[Collected data entries]
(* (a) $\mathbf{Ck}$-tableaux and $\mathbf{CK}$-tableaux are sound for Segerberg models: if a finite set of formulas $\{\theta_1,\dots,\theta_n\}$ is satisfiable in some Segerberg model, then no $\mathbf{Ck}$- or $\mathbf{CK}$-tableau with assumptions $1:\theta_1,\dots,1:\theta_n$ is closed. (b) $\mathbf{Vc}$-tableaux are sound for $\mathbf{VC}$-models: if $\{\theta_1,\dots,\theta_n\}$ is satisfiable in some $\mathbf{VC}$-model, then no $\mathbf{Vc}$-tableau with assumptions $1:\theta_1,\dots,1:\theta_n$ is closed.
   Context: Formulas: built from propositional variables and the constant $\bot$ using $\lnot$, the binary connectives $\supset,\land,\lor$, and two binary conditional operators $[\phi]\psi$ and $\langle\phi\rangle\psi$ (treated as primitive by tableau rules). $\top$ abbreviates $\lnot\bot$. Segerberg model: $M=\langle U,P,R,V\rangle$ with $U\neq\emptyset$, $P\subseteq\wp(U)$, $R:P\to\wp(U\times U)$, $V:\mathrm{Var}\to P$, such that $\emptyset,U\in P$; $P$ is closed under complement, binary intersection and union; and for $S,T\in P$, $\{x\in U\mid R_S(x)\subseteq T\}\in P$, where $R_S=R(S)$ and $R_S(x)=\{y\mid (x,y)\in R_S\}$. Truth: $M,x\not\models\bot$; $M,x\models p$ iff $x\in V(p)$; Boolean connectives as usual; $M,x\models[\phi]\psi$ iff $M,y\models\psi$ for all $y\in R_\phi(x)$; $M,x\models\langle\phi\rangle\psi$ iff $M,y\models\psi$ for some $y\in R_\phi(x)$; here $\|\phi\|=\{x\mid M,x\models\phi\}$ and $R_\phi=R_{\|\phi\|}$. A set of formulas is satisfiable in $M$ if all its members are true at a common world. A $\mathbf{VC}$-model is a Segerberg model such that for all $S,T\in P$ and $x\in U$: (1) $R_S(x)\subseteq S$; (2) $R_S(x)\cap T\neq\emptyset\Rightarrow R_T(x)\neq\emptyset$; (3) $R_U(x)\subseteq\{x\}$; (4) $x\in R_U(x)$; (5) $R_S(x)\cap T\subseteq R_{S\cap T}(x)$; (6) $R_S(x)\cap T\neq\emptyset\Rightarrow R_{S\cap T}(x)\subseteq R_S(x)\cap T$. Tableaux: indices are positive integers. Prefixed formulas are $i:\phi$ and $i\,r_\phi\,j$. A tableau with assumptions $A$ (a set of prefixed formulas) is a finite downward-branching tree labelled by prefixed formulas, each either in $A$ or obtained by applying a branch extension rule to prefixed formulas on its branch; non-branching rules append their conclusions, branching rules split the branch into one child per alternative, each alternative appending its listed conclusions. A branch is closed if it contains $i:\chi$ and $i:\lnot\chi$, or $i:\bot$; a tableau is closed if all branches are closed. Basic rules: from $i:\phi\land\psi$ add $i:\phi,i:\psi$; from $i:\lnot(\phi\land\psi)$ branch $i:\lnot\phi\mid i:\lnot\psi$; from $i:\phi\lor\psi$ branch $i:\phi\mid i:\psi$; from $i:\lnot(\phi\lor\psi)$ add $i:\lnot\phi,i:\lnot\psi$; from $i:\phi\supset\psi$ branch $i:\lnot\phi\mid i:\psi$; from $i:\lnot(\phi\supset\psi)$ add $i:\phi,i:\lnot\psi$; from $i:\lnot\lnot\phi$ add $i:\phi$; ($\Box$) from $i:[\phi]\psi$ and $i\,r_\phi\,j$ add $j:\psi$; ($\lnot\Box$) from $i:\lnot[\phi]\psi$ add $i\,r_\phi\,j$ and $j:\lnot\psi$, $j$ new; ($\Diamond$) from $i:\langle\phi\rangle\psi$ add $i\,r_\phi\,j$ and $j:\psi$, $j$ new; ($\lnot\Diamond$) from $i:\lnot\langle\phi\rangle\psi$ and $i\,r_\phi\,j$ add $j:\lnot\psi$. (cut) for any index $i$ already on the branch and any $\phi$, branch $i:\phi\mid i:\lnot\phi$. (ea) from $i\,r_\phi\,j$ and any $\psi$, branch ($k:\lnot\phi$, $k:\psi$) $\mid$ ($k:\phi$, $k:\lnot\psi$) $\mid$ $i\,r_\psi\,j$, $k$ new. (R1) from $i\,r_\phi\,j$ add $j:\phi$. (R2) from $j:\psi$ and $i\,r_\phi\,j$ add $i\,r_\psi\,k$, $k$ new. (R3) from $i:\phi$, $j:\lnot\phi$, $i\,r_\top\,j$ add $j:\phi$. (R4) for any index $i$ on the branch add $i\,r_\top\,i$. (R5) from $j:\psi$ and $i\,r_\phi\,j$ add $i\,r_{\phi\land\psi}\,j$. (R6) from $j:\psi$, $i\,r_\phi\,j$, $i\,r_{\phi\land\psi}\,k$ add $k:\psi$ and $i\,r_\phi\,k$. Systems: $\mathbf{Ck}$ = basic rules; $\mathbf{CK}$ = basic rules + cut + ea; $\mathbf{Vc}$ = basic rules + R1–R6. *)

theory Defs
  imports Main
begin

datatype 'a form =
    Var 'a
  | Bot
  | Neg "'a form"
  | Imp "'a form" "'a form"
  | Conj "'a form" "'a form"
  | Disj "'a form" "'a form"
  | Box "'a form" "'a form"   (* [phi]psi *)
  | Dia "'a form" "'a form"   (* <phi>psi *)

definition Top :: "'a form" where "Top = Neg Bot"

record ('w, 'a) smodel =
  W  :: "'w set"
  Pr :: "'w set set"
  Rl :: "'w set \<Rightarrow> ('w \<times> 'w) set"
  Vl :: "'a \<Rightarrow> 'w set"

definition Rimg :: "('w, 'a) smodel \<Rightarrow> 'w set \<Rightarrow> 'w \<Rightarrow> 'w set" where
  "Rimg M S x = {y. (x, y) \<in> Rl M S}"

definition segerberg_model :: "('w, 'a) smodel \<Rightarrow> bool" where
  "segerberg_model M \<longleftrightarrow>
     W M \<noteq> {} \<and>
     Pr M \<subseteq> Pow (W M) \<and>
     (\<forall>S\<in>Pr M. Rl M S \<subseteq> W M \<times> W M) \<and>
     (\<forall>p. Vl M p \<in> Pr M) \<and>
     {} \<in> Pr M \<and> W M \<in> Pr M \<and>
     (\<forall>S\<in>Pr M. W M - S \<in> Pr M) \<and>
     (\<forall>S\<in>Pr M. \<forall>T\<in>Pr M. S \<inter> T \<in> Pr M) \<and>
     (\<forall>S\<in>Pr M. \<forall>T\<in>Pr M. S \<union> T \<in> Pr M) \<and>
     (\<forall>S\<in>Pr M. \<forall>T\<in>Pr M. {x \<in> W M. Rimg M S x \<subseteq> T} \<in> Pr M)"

* * *

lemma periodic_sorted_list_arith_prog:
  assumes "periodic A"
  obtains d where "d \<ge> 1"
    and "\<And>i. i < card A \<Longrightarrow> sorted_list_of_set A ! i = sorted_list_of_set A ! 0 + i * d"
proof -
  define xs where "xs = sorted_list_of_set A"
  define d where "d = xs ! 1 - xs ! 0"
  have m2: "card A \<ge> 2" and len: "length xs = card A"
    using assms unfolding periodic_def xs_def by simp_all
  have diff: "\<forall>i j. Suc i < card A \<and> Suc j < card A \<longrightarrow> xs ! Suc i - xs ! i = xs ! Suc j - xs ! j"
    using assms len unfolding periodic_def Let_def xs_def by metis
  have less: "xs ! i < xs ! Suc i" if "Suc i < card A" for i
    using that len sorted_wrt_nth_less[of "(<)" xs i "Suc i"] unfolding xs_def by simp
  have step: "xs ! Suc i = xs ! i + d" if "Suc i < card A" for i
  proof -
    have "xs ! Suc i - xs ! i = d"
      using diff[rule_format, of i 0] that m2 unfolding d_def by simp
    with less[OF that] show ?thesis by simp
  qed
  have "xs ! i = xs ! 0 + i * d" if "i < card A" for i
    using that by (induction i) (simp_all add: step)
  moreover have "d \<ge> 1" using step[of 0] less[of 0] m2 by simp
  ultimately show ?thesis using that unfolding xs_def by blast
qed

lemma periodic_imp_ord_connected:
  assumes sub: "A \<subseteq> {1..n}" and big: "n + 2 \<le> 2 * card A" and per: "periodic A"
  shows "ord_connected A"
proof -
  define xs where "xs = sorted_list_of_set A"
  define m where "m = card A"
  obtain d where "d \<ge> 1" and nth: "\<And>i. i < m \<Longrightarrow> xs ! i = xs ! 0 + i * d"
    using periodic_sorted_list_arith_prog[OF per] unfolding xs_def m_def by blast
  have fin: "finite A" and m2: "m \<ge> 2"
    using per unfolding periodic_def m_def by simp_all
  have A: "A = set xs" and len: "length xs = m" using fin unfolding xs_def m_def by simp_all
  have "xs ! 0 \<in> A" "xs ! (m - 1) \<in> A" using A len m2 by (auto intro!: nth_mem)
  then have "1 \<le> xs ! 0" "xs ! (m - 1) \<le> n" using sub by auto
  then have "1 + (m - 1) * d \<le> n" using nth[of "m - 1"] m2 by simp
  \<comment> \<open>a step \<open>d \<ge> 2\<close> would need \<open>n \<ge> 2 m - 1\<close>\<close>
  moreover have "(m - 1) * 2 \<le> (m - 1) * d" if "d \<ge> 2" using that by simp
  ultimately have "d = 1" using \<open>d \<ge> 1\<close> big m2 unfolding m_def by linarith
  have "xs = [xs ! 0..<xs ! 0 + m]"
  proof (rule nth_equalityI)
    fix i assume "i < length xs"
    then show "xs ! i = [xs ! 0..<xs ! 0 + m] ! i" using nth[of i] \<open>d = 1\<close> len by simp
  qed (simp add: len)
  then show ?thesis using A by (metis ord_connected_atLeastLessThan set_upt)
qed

▸ **Problem to work on**: Both the line containing "(\<forall>S\<in>Pr M. \<forall>T\<in>Pr M. S \<inter>" and the line containing "S x \<subseteq>" belong in the answer. Print them and every line above that falls between them exactly, and no others.

▸ **Result**:
     (\<forall>S\<in>Pr M. \<forall>T\<in>Pr M. S \<inter> T \<in> Pr M) \<and>
     (\<forall>S\<in>Pr M. \<forall>T\<in>Pr M. S \<union> T \<in> Pr M) \<and>
     (\<forall>S\<in>Pr M. \<forall>T\<in>Pr M. {x \<in> W M. Rimg M S x \<subseteq> T} \<in> Pr M)"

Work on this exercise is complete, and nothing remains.